Practice-drill structure
Build each drill from four prompts: define the concept, name the triggering cue, choose the next action, and explain why two alternatives are weaker. A two-column sheet works well — high-yield cue on the left (breach spreading, evidence for court, prove a vuln is exploitable), and the exact action on the right (contain first, chain of custody, penetration test).
| Cue in the stem | Correct action | Why distractors fail |
|---|---|---|
| Incident still spreading | Contain before eradicate/recover | Cleaning during spread reinfects |
| Evidence may go to court | Preserve chain of custody and hash the image | Speed without integrity = inadmissible |
| Need broad, frequent checks | Vulnerability scan | A pen test is periodic and scoped |
| Need to prove real exploitability | Penetration test | A scan identifies but does not exploit |
A domain is ready when you can return after a day, answer mixed items without the domain label visible, and still explain why the distractors fail. If your score drops sharply after a break, the knowledge is recognition-based and needs more active recall.

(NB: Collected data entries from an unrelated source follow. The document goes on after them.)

lemma cylinder_base:
  assumes "openin X V" "x \<in> V"
  obtains t where "finite t" "x \<in> cylinder t" "cylinder t \<subseteq> V"
proof -
  have x: "x \<in> topspace X"
    using assms openin_subset by blast
  have "continuous_map (subtopology sierpinski_power A) X h'"
    using embedding by (simp add: homeomorphic_maps_def)
  from openin_continuous_map_preimage[OF this assms(1)]
  have "openin (subtopology sierpinski_power A) {a \<in> A. h' a \<in> V}"
    by simp
  then obtain W where W: "openin sierpinski_power W" "{a \<in> A. h' a \<in> V} = W \<inter> A"
    unfolding openin_subtopology by blast
  then have W_iff: "a \<in> A \<Longrightarrow> a \<in> W \<longleftrightarrow> h' a \<in> V" for a
    by (simp add: set_eq_iff) blast
  have "h x \<in> W"
    using W_iff[OF h_in_A[OF x]] h'_h[OF x] assms(2) by simp
  then obtain t where t: "finite t" "h x \<in> sierpinski_box t" "sierpinski_box t \<subseteq> W"
    by (rule sierpinski_power_base[OF W(1)])
  have "x \<in> cylinder t"
    using x t(2) by (simp add: cylinder_def)
  moreover have "cylinder t \<subseteq> V"
  proof
    fix y assume "y \<in> cylinder t"
    then have y: "y \<in> topspace X" "h y \<in> W"
      using t(3) unfolding cylinder_def by auto
    then show "y \<in> V"
      using W_iff[OF h_in_A[OF y(1)]] h'_h[OF y(1)] by simp
  qed
  ultimately show thesis
    by (rule that[OF t(1)])
qed

sublocale saturated_basis X E basic
proof
  show "openin X (basic n)" for n
    by (rule openin_basic)
  show "\<exists>n. x \<in> basic n \<and> basic n \<subseteq> V" if V: "openin X V" "x \<in> V" for V x
  proof -
    obtain t where t: "finite t" "x \<in> cylinder t" "cylinder t \<subseteq> V"
      by (rule cylinder_base[OF V])
    then show ?thesis
      using basic_set_encode[OF t(1)] by (intro exI[of _ "set_encode t"]) simp
  qed
qed (use equiv_E openin_saturation in auto)

text \<open>The last clause of refines makes the limit of a refining sequence land in A: once a box
  avoids the closed set F k, the next box is forced into U k.\<close>

definition refines :: "nat \<Rightarrow> nat \<Rightarrow> nat \<Rightarrow> nat \<Rightarrow> bool" where
  "refines n m k n' \<longleftrightarrow> set_decode n \<subseteq> set_decode n' \<and> basic n' \<subseteq> sat m \<and>
     (sierpinski_box (set_decode n) \<inter> F k = {} \<longrightarrow> sierpinski_box (set_decode n') \<subseteq> U k)"
lemma linear_character_separates_from_derived:
  assumes fin: "finite (carrier G)" and g: "g \<in> carrier G" "g \<notin> derived G (carrier G)"
  obtains \<chi> where "subgroup_character G (carrier G) \<chi>" "\<chi> g \<noteq> 1"
proof -
  let ?N = "derived G (carrier G)"
  interpret N: normal ?N G
    by (rule derived_self_is_normal)
  interpret Q: comm_group "G Mod ?N"
    by (rule derived_quot_is_comm_group)
  have "?N #> g \<noteq> \<one>\<^bsub>G Mod ?N\<^esub>"
    using rcos_self[OF g(1) N.subgroup_axioms] g(2) by auto
  moreover have "finite (carrier (G Mod ?N))" "?N #> g \<in> carrier (G Mod ?N)"
    using fin g(1) by (simp_all add: carrier_FactGroup)
  ultimately obtain \<chi> where \<chi>: "subgroup_character (G Mod ?N) (carrier (G Mod ?N)) \<chi>" "\<chi> (?N #> g) \<noteq> 1"
    using Q.separating_character_exists by blast
  have "group_hom G (G Mod ?N) (\<lambda>x. ?N #> x)"
    by (simp add: group_hom_def group_hom_axioms_def is_group N.factorgroup_is_group N.r_coset_hom_Mod)
  then have "subgroup_character G (carrier G) (\<chi> \<circ> (\<lambda>x. ?N #> x))"
    using \<chi>(1) by (rule group_hom.character_comp)
  then show ?thesis
    using that \<chi>(2) by simp
qed

end

theorem lemma2p1:
  fixes G :: "('a, 'b) monoid_scheme"
  assumes "group G" and "finite (carrier G)" and "\<not> comm_group G"
  shows "K_grp G \<subseteq> derived G (carrier G)"
proof
  interpret group G by fact
  fix g assume g: "g \<in> K_grp G"
  then have "g \<in> carrier G"
    by (simp add: K_grp_def)
  show "g \<in> derived G (carrier G)"
  proof (rule ccontr)
    assume "g \<notin> derived G (carrier G)"
    then obtain \<chi> where "subgroup_character G (carrier G) \<chi>" "\<chi> g \<noteq> 1"
      using linear_character_separates_from_derived assms(2) \<open>g \<in> carrier G\<close> by blast
    then show False
      using linear_character_eq_1_on_K_grp assms(2,3) g by blast
  qed
qed

end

An organization has just confirmed that malware is actively spreading across its network. What should the incident-response team do FIRST?
What is the PRIMARY purpose of maintaining a documented chain of custody during a forensic investigation?
Which statement BEST distinguishes a vulnerability scan from a penetration test?
Under the cloud shared responsibility model, which party is typically responsible for securing customer data and configuring identity and access management?